Thursday, 25 October 2012

Conflicting Hierarchies In Family Firms - Part 2


Friday 10 August, 2001
We will now turn our attention to how daughters and younger sons who become CEOs find it difficult to shake off their family ties to the bottom levels of the family hierarchy.
In Part 1 of this article series we discussed how parents have traditionally used hierarchy and primogeniture to set the rules for younger generation succession. The article highlighted that the prevailing assumption held by parents was that eldest or only sons were first in line to take on major family obligations and responsibilities.

Daughter and Younger Sons as CEOs

The cases surrounding eldest sons differ somewhat from the problems that daughters and younger sons face when they become CEOs of a family business. Daughters seem to face the most complex challenges. They may find doubt and skepticism coming both from parents and from siblings. Doubting fathers seem to give a daughter a much harder time when she accedes to power than they do to younger sons. Another male sibling may create difficult obstacles for either his sister or his younger brother. Both daughters and younger sons usually encounter a network of rival siblings, not to mention senior business associates, who think they know the business better.

In recent years, primogeniture has become less automatic than it once was. The presence of a favoured child may challenge old primogeniture assumptions. Sometimes, the issue is perceived competence. Today, the choice for CEO in smaller companies may go increasingly to daughters as more managerial women enter the workforce. Some women who hit so-called glass ceiling in large corporations where high level promotions go only to men, head for smaller firms to become first or second generation entrepreneurs. On still other occasions, daughter or younger sons start a business and hire an older brother or parents as subordinates.

The Case of Brown Brothers Wineries

The Brown Brothers winery in north-east Victoria has laid down a set of guiding principles for sons and daughters wanting to make a career in the family wine business. The rules state that each applicant must have worked somewhere else for at least four years, and must apply, like everybody else, to the board. A suitable opening must exist before they will even be considered for employment.

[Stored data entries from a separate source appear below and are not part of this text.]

lemma twisted_key_mod: "twisted_key w (i mod length w) = twisted_key w i"
proof
  fix k
  have "reversals (cyc_nth w) (i mod length w) k = reversals (cyc_nth w) i k"
    by (rule reversals_cong) (metis cyc_nth_mod mod_add_left_eq)
  moreover have "cyc_nth w (i mod length w + k) = cyc_nth w (i + k)"
    by (metis cyc_nth_mod mod_add_left_eq)
  ultimately show "twisted_key w (i mod length w) k = twisted_key w i k"
    by (simp add: twisted_key_def)
qed

lemma cyc_nth_eq_if_twisted_key_eq:
  assumes "set w \<subseteq> {0..<3}" "w \<noteq> []" "twisted_key w i = twisted_key w j"
  shows "cyc_nth w (i + k) = cyc_nth w (j + k)"
proof (induction k rule: less_induct)
  case (less k)
  have "reversals (cyc_nth w) i k = reversals (cyc_nth w) j k"
    by (rule reversals_cong) (use less in simp)
  moreover have "twisted_key w i k = twisted_key w j k" using assms(3) by simp
  ultimately show ?case
    using cyc_nth_le_2[OF assms(1,2), of "i + k"] cyc_nth_le_2[OF assms(1,2), of "j + k"]
    by (auto simp: twisted_key_def split: if_splits)
qed

lemma rotate_eq_if_twisted_key_eq:
  assumes "set w \<subseteq> {0..<3}" "w \<noteq> []" "twisted_key w i = twisted_key w j"
  shows "rotate i w = rotate j w"
  using cyc_nth_eq_if_twisted_key_eq[OF assms]
  by (intro rotate_eq_if_nth_shift_eq) (simp add: cyc_nth_def)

Cynthia Brown and her brother John junior are the first of a new generation at the wine conglomerate to meet the recruiting criteria. Both have a university education and had careers at BHP. Cynthia, 28, was in human resources and John, 31, in engineering and information technology. The ambition to return was shared by John, who is restructuring the company’s information technology.

The Browns have been making wine since 1889 but the current generation, brothers John senior, Ross, Peter, and the late Roger, built up the operation from a traditional mixed farm and vineyard to Victoria’s largest private winery in 30 years. Their vision for success is a mixture of passion and vision for what the family believes possible, along with a good dose of traditional Australian farming values. Strategic use of the talents of different family members has been vital in allowing the business to grow the way it has, and the best way to handle complexity was to allow each brother to slot into the area that fitted their skills and passions. John took on wine making, Peter went into viticulture, Ross was the marketing chief, and Roger developed wine varieties. However, the Browns are well aware that such family coalitions are fragile.

Conclusion

Under these conditions, family dynamics and hierarchies can be seriously challenged if strong ground rules are not established. The lower-status sibling may appear simultaneously at the top of the company hierarchy and at the bottom of the hierarchy. Such incongruent structures create tension among family hierarchy, and the typical response to such tensions is to want the hierarchies to align with each other. Fortunately this is not the case with Brown Brothers, which is a good example of establishing strong ground rules for both succession and entry into the family business.

This article has been extracted and modified from Barnes, L.B. (1994). Incongruent hierarchies: Daughter and younger sons as company CEOs. In Beckhard, R. (ed.) "The Best of Family Business Review: A Celebration". Boston: Family Firm Institute.